*MATERIAL SHOWN*.
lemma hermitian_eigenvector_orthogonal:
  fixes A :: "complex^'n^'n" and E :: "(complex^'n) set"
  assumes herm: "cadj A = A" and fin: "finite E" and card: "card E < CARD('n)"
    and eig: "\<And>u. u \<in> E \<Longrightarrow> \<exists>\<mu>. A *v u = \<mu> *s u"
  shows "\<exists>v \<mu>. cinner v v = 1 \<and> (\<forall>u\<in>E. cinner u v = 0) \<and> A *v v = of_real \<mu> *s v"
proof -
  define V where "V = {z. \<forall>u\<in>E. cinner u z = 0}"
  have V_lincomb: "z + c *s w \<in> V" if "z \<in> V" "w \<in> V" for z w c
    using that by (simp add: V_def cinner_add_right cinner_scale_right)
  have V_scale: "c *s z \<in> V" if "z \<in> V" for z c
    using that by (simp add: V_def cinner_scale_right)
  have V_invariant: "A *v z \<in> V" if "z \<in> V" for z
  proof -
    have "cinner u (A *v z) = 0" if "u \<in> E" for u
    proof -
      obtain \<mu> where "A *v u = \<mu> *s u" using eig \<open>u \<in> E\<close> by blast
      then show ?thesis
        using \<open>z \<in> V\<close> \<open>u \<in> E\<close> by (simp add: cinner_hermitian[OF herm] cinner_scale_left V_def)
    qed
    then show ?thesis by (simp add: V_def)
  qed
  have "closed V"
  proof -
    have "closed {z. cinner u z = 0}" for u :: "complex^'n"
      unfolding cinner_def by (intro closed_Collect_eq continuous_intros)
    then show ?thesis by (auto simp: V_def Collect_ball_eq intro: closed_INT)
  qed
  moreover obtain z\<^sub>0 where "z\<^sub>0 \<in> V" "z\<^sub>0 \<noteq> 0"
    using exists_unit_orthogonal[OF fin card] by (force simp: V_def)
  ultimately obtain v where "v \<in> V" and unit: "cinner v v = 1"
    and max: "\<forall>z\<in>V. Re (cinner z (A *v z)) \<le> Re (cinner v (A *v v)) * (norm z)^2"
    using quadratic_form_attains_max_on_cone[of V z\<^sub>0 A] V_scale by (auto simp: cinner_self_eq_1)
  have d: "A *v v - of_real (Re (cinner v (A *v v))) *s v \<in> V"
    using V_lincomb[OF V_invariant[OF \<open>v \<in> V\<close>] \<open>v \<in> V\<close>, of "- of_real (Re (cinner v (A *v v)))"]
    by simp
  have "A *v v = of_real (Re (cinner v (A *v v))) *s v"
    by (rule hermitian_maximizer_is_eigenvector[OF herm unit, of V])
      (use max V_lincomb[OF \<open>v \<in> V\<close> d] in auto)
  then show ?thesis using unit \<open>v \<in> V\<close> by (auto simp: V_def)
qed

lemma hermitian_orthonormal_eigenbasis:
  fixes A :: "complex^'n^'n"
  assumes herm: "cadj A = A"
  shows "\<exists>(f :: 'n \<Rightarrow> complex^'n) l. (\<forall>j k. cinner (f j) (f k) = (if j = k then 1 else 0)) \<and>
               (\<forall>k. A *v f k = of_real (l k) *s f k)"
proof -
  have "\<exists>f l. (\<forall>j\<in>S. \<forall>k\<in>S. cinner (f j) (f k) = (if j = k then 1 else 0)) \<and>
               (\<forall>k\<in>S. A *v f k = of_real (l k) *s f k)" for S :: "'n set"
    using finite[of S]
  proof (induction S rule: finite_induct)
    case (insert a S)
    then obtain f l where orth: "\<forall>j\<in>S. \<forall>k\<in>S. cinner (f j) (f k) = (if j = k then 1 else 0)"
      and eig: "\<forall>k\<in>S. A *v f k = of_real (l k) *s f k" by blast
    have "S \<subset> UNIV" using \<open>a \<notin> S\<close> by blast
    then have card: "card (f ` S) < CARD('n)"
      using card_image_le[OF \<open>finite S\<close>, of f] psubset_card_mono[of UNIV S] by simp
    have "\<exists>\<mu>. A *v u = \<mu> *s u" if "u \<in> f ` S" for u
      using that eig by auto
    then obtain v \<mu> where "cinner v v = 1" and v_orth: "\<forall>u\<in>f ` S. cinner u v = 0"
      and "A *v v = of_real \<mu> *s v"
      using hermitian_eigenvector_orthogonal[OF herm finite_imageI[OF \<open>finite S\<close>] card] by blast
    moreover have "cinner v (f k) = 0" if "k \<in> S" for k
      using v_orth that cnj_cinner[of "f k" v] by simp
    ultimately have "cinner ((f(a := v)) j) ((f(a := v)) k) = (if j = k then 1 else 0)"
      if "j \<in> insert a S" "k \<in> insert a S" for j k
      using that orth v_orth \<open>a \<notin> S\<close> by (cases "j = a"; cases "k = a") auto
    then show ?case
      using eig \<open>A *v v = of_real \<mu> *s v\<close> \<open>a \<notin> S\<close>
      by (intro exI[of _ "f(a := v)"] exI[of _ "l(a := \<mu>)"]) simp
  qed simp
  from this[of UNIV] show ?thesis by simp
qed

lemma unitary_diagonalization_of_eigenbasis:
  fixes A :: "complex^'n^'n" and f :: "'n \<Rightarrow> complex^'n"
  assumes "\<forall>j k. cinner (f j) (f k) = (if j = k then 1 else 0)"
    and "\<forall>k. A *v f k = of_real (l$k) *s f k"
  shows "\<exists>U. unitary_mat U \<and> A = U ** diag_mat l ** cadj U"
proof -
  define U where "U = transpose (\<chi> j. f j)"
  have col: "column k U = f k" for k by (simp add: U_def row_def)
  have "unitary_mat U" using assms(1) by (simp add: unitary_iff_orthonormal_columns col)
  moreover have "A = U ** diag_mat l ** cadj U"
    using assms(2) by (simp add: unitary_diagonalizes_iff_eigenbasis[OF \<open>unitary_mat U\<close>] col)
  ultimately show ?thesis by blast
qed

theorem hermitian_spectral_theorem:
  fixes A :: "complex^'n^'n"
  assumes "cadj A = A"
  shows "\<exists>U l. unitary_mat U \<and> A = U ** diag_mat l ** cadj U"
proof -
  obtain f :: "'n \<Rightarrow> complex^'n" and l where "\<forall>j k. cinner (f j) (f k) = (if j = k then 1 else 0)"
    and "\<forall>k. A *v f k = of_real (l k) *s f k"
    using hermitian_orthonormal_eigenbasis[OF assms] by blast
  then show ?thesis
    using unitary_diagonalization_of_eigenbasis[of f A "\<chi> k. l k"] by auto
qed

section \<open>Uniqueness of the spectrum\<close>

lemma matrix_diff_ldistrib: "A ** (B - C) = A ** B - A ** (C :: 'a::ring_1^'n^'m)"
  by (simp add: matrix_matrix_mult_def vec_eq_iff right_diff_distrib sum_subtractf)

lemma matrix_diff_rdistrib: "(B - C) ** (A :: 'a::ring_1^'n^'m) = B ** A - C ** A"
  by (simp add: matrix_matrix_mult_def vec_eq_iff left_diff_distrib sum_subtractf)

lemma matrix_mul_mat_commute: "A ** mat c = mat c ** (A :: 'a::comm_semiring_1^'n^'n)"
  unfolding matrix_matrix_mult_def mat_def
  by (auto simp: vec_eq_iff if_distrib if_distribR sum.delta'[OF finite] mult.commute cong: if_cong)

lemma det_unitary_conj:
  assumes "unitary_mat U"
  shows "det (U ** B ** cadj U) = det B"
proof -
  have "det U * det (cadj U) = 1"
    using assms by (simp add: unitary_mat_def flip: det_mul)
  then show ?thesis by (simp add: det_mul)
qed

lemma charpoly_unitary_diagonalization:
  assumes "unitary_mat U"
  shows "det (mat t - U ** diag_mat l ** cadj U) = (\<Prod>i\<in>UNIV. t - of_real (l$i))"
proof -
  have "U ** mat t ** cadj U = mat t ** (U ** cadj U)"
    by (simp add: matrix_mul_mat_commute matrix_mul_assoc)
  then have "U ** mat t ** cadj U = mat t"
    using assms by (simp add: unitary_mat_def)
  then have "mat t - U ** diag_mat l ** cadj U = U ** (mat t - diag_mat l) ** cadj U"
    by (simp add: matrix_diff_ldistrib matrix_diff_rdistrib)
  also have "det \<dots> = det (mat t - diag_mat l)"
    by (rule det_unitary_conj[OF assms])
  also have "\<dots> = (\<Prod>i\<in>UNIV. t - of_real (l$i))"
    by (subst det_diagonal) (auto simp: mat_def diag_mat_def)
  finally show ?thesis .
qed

*TASK ITEM*. Repeat the lines from the first one in the records through the line containing "c *s w \<in>", exactly as written, and nothing else.

*SOLUTION TO THIS PROBLEM*.
lemma hermitian_eigenvector_orthogonal:
  fixes A :: "complex^'n^'n" and E :: "(complex^'n) set"
  assumes herm: "cadj A = A" and fin: "finite E" and card: "card E < CARD('n)"
    and eig: "\<And>u. u \<in> E \<Longrightarrow> \<exists>\<mu>. A *v u = \<mu> *s u"
  shows "\<exists>v \<mu>. cinner v v = 1 \<and> (\<forall>u\<in>E. cinner u v = 0) \<and> A *v v = of_real \<mu> *s v"
proof -
  define V where "V = {z. \<forall>u\<in>E. cinner u z = 0}"
  have V_lincomb: "z + c *s w \<in> V" if "z \<in> V" "w \<in> V" for z w c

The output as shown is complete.